Despite the oft-repeated advice for authors to write for a single audience (to build that elusive brand), many childen’s writers write for both middle graders and young adults. Denise Vega entertains middle school students with her novels Click Here (to find out how I survived seventh grade) and Access Denied (and other eighth grade error messages), but reaches teens in Fact of Life #31 and the soon-to-be-released Rock On. (She also writes picture books, but only because she’s an overachiever <grin>).        Pictures

Fantasy author Hilari Bell targets younger readers with fast-paced adventure in The Prophecy and Wizard Test, but writes for a more mature audience in books such as her latest release, Trickster’s Girl. How do they do it? How does one change from a young voice to teen and back again?

I’m thinking about this question because I spent the past year writing and re-writing a contemporary young adult novel—and trying to write in an older character’s voice—and now that I’m drafting another middle grade novel, the voice won’t come out as young as I think it should.

It made me question whether I’m writing the right story. Should this actually be a young adult novel? Should I write about a teen protagonist, possibly female, instead of a male seventh grade student? Worth considering—but the answer turns out to be “no”. The story is best suited to a younger audience. So…I need to get my voice in line.

How do successful authors manage to switch writing voice to suit their audience? How do I pull this off? I don’t have a set-in-stone answer, because this is a work-in-progress; but here are some strategies I’ve found helpful:

  1. Collect “mentor books,” great reads that are aimed at your  target audience.
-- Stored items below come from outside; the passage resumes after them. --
(* Let $(\mu_n)_n\subset\mathcal P_2^L(\mathbb T^d\times\mathbb R)$ and $\mu\in\mathcal P_2^L(\mathbb T^d\times\mathbb R)$. Then $W^L(\mu_n,\mu)\to0$ if and only if (i) $\int|\theta|^2d\mu_n\to\int|\theta|^2d\mu$, and (ii) every subsequence $(\mu_k)_k$ has a further subsequence $(\mu_{k_l})_l$ and a Lebesgue-null set $\mathcal N\subset\mathbb T^d$ such that $\mu^x_{k_l}\rightharpoonup\mu^x$ weakly for all $x\in\mathbb T^d\setminus\mathcal N$.
   Context: $d\ge1$, $\mathbb T^d$ unit torus with Lebesgue measure $dx$. $\mathcal M_1^L(\mathbb T^d\times\mathbb R)$: Borel probability measures on $\mathbb T^d\times\mathbb R$ with first marginal $dx$; each disintegrates as $\mu=\mu^xdx$ with a measurable family of probability measures $\mu^x$ on $\mathbb R$. $\mathcal P_2^L=\{\mu\in\mathcal M_1^L:\int|\theta|^2d\mu<\infty\}$, $W^L(\mu,\nu)^2=\int_{\mathbb T^d}W_2(\mu^x,\nu^x)^2dx$ with $W_2$ the quadratic Wasserstein distance on $\mathcal P_2(\mathbb R)$. *)

theory Defs
  imports "HOL-Probability.Probability"
begin

text \<open>The torus T^d is represented measure-theoretically by the half-open unit cube
  [0,1)^d in real^'d (a fundamental domain), with Lebesgue (Borel) measure.\<close>

definition torus_set :: "(real ^ 'd) set" where
  "torus_set = {x. \<forall>i. 0 \<le> x $ i \<and> x $ i < 1}"

definition torus :: "(real ^ 'd) measure" where
  "torus = restrict_space lborel torus_set"

definition M1L :: "((real ^ 'd) \<times> real) measure set" where
  "M1L = {M. sets M = sets (torus \<Otimes>\<^sub>M (borel :: real measure)) \<and> prob_space M
              \<and> distr M torus fst = torus}"

definition P2L :: "((real ^ 'd) \<times> real) measure set" where
  "P2L = {M. M \<in> M1L \<and> (\<integral>\<^sup>+ z. ennreal ((snd z)\<^sup>2) \<partial>M) < \<infinity>}"

definition disintegration :: "((real ^ 'd) \<times> real) measure \<Rightarrow> ((real ^ 'd) \<Rightarrow> real measure) \<Rightarrow> bool" where
  "disintegration M K \<longleftrightarrow>
     K \<in> measurable torus (prob_algebra (borel :: real measure)) \<and>
     (\<forall>A \<in> sets M. emeasure M A = (\<integral>\<^sup>+ x. emeasure (K x) (Pair x -` A) \<partial>torus))"

definition couplings :: "real measure \<Rightarrow> real measure \<Rightarrow> (real \<times> real) measure set" where
  "couplings \<mu> \<nu> = {\<pi>. sets \<pi> = sets (borel \<Otimes>\<^sub>M (borel :: real measure)) \<and> prob_space \<pi> \<and>
                      distr \<pi> borel fst = \<mu> \<and> distr \<pi> borel snd = \<nu>}"

definition W2sq :: "real measure \<Rightarrow> real measure \<Rightarrow> ennreal" where
  "W2sq \<mu> \<nu> = (INF \<pi> \<in> couplings \<mu> \<nu>. \<integral>\<^sup>+ p. ennreal ((fst p - snd p)\<^sup>2) \<partial>\<pi>)"

definition W2 :: "real measure \<Rightarrow> real measure \<Rightarrow> real" where
  "W2 \<mu> \<nu> = sqrt (enn2real (W2sq \<mu> \<nu>))"

definition WL :: "((real ^ 'd) \<Rightarrow> real measure) \<Rightarrow> ((real ^ 'd) \<Rightarrow> real measure) \<Rightarrow> real" where
  "WL K L = sqrt (enn2real (\<integral>\<^sup>+ x. ennreal ((W2 (K x) (L x))\<^sup>2) \<partial>torus))"

definition weakly_conv :: "(nat \<Rightarrow> real measure) \<Rightarrow> real measure \<Rightarrow> bool" where
  "weakly_conv \<mu>s \<mu> \<longleftrightarrow>
     (\<forall>f :: real \<Rightarrow> real. continuous_on UNIV f \<longrightarrow> bounded (range f) \<longrightarrow>
        (\<lambda>n. \<integral> t. f t \<partial>(\<mu>s n)) \<longlonglongrightarrow> (\<integral> t. f t \<partial>\<mu>))"

end

theory Submission
  imports Defs
begin

text \<open>Everything is reduced to the fibres: \<open>W\<^sup>L(\<mu>, \<nu>)\<^sup>2\<close> is the integral over the torus of
  \<open>W\<^sub>2(\<mu>\<^sup>x, \<nu>\<^sup>x)\<^sup>2\<close>, so the theorem follows from estimates for \<open>W\<^sub>2\<close> on \<open>\<real>\<close> integrated in \<open>x\<close>.

  If \<open>W\<^sup>L(\<mu>\<^sub>n, \<mu>) \<rightarrow> 0\<close>: the inequality \<open>m\<^sub>2(P) \<le> (1 + e) m\<^sub>2(Q) + (1 + 1/e) W\<^sub>2(P, Q)\<^sup>2\<close> for second
  moments integrates to (i). For a Lipschitz test function, \<open>W\<^sub>2(P, Q)\<^sup>2\<close> bounds the difference of its
  integrals; along a subsequence with \<open>W\<^sup>L(\<mu>\<^sub>n\<^sub>l, \<mu>)\<^sup>2 \<le> 4\<^sup>-\<^sup>l\<close> these differences are summable in \<open>L\<^sup>1\<close>
  for every piecewise linear cut-off with rational nodes, hence vanish almost everywhere, and these
  countably many test functions determine weak convergence.

  Conversely, by the subsequence criterion it suffices to treat a subsequence along which
  \<open>\<mu>\<^sub>n\<^sup>x \<rightharpoonup> \<mu>\<^sup>x\<close> for almost every \<open>x\<close>. On each fibre, Skorohod's representation bounds \<open>W\<^sub>2\<^sup>2\<close> by a
  truncated squared displacement, which tends to zero, plus twice the tail moments \<open>\<integral> (\<theta>\<^sup>2 - R\<^sup>2)\<^sup>+\<close>
  of both measures. Convergence of second moments and weak convergence make the integrated tails of
  \<open>\<mu>\<^sub>n\<close> converge to those of \<open>\<mu>\<close>, which are small for large \<open>R\<close>. As \<open>x \<mapsto> W\<^sub>2(\<mu>\<^sub>n\<^sup>x, \<mu>\<^sup>x)\<close> need
  not be measurable, all integrals of it are lower integrals.\<close>

lemma nn_integral_measurable_minorant:
  assumes "(\<integral>\<^sup>+ x. f x \<partial>M) < \<infinity>" and "0 < e"
  obtains g where "g \<in> borel_measurable M" "\<And>x. g x \<le> f x"
    "(\<integral>\<^sup>+ x. f x \<partial>M) \<le> (\<integral>\<^sup>+ x. g x \<partial>M) + ennreal e"
proof (cases "(\<integral>\<^sup>+ x. f x \<partial>M) \<le> ennreal e")
  case True
  then show ?thesis by (intro that[of "\<lambda>_. 0"]) auto
next
  case False
  obtain r where r: "(\<integral>\<^sup>+ x. f x \<partial>M) = ennreal r" "0 \<le> r"
    using assms(1) by (cases "\<integral>\<^sup>+ x. f x \<partial>M") auto
  have "e < r" using False r \<open>0 < e\<close> by (auto simp: not_le ennreal_less_iff)
  then have "ennreal (r - e) < (\<integral>\<^sup>+ x. f x \<partial>M)" using r \<open>0 < e\<close> by (auto simp: ennreal_less_iff)
  then obtain g where g: "simple_function M g" "g \<le> f" and lt: "ennreal (r - e) < integral\<^sup>S M g"
    unfolding nn_integral_def less_SUP_iff by blast
  have "ennreal r = ennreal (r - e) + ennreal e"
    using \<open>e < r\<close> \<open>0 < e\<close> by (simp flip: ennreal_plus)
  also have "\<dots> \<le> (\<integral>\<^sup>+ x. g x \<partial>M) + ennreal e"
    using lt nn_integral_eq_simple_integral[OF g(1)] by (intro add_right_mono) simp
  finally show ?thesis
    using g r by (intro that borel_measurable_simple_function) (auto simp: le_fun_def)
qed

lemma LIMSEQ_fast_subseq:
  fixes a :: "nat \<Rightarrow> real"
  assumes "a \<longlonglongrightarrow> 0" and "0 < q"
  obtains s where "strict_mono s" "\<And>l. \<bar>a (s l)\<bar> < q ^ l"
proof -
  have "\<forall>l. \<exists>N. \<forall>n\<ge>N. \<bar>a n\<bar> < q ^ l"
    using LIMSEQ_D[OF assms(1)] \<open>0 < q\<close> by simp
  then obtain N where N: "\<And>l n. N l \<le> n \<Longrightarrow> \<bar>a n\<bar> < q ^ l" by metis
  define s where "s l = l + (\<Sum>i\<le>l. N i)" for l
  have "strict_mono s" unfolding strict_mono_Suc_iff s_def by simp
  moreover have "N l \<le> s l" for l
    using member_le_sum[of l "{..l}" N] unfolding s_def by simp
  ultimately show ?thesis using N that by blast
qed

lemma LIMSEQ_iff_subseq_subseq:
  fixes a :: "nat \<Rightarrow> 'a::metric_space"
  shows "a \<longlonglongrightarrow> L \<longleftrightarrow> (\<forall>r :: nat \<Rightarrow> nat. strict_mono r \<longrightarrow> (\<exists>s. strict_mono s \<and> (\<lambda>l. a (r (s l))) \<longlonglongrightarrow> L))"
proof
  assume "a \<longlonglongrightarrow> L"
  show "\<forall>r :: nat \<Rightarrow> nat. strict_mono r \<longrightarrow> (\<exists>s. strict_mono s \<and> (\<lambda>l. a (r (s l))) \<longlonglongrightarrow> L)"
  proof (intro allI impI)
    fix r :: "nat \<Rightarrow> nat" assume "strict_mono r"
    then have "(\<lambda>l. a (r (id l))) \<longlonglongrightarrow> L"
      using LIMSEQ_subseq_LIMSEQ[OF \<open>a \<longlonglongrightarrow> L\<close>] by (simp add: comp_def)
    then show "\<exists>s. strict_mono s \<and> (\<lambda>l. a (r (s l))) \<longlonglongrightarrow> L"
      by (intro exI[of _ id]) (simp add: strict_mono_def)
  qed
next
  assume sub: "\<forall>r :: nat \<Rightarrow> nat. strict_mono r \<longrightarrow> (\<exists>s. strict_mono s \<and> (\<lambda>l. a (r (s l))) \<longlonglongrightarrow> L)"
  show "a \<longlonglongrightarrow> L"
  proof (rule ccontr)
    assume "\<not> a \<longlonglongrightarrow> L"
    then obtain e where "0 < e" and frequent: "\<forall>N. \<exists>n\<ge>N. e \<le> dist (a n) L"
      unfolding lim_sequentially by (auto simp: not_less)
    then have "infinite {n. e \<le> dist (a n) L}"
      unfolding infinite_nat_iff_unbounded_le by auto
    then obtain r :: "nat \<Rightarrow> nat" where r: "strict_mono r" "\<And>n. e \<le> dist (a (r n)) L"
      using infinite_enumerate by blast
    then obtain s where "(\<lambda>l. a (r (s l))) \<longlonglongrightarrow> L" using sub by blast
    then obtain l where "dist (a (r (s l))) L < e"
      using \<open>0 < e\<close> by (auto simp: lim_sequentially)
    with r(2) show False by (simp add: not_le[symmetric])
  qed
qed

lemma AE_tendsto_zero_of_nn_integral_geometric:
  fixes h :: "nat \<Rightarrow> 'a \<Rightarrow> real"
  assumes [measurable]: "\<And>l. h l \<in> borel_measurable M" and nonneg: "\<And>l x. 0 \<le> h l x"
    and bound: "\<And>l. (\<integral>\<^sup>+ x. ennreal (h l x) \<partial>M) \<le> ennreal (C * (1/2)^l)" and "0 \<le> C"
  shows "AE x in M. (\<lambda>l. h l x) \<longlonglongrightarrow> 0"
proof -
  have "(\<integral>\<^sup>+ x. (\<Sum>l. ennreal (h l x)) \<partial>M) = (\<Sum>l. \<integral>\<^sup>+ x. ennreal (h l x) \<partial>M)"
    by (rule nn_integral_suminf) simp
  also have "\<dots> \<le> (\<Sum>l. ennreal (C * (1/2)^l))" by (intro suminf_le bound) auto
  also have "\<dots> = ennreal (\<Sum>l. C * (1/2)^l)"
    using \<open>0 \<le> C\<close> by (intro suminf_ennreal2) (auto intro!: summable_mult summable_geometric)
  finally have "AE x in M. (\<Sum>l. ennreal (h l x)) \<noteq> \<infinity>"
    by (intro nn_integral_PInf_AE) (auto simp: top_unique)
  then show ?thesis
  proof eventually_elim
    case (elim x)
    then have "summable (\<lambda>l. h l x)" by (intro summable_suminf_not_top) (auto simp: nonneg)
    then show ?case by (rule summable_LIMSEQ_zero)
  qed
qed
These aren’t necessarily to re-read, but to inspire. Pick a page or chapter to enjoy; notice how the author handles pacing, dialog, character thoughts, and description.
  2. Post a sticky note in your writing space (originally inspired by children's author R.L. LaFevers): “It’s the voice, stupid :)” Keeping this reminder close at hand helps me ask whether I’m writing what a kid would find important or if, for instance, I’m indulging my love of description.
  3. Journal or free write from your main character’s (mc) point of view. This is a low-pressure way to practice focusing on what he thinks and observes.
  4. Journal or free write memories of your 12-year-old self. By mining those memories, I can slide more easily into my mc’s head.
  5. List your mc’s worries and fears. Ask what will be top of his mind in school, biking home, hanging out with friends, seeing his sister, eating dinner with his family.
  6. Eavesdrop on local 12-year-olds (preferably with parental permission <grin>). There’s no better way to remind yourself of a young person’s priorities, humor, and interactions with others than by hanging out with them.
  7. When all else fails, keep pounding out that first draft. Often I don’t nail my character’s voice until I’ve completed that first draft—and I give my permission not to do so. I know I can fix and tighten on the rewrite.

What about you? Do you write for different audiences? Do you have any tips to share on finding your character’s voice?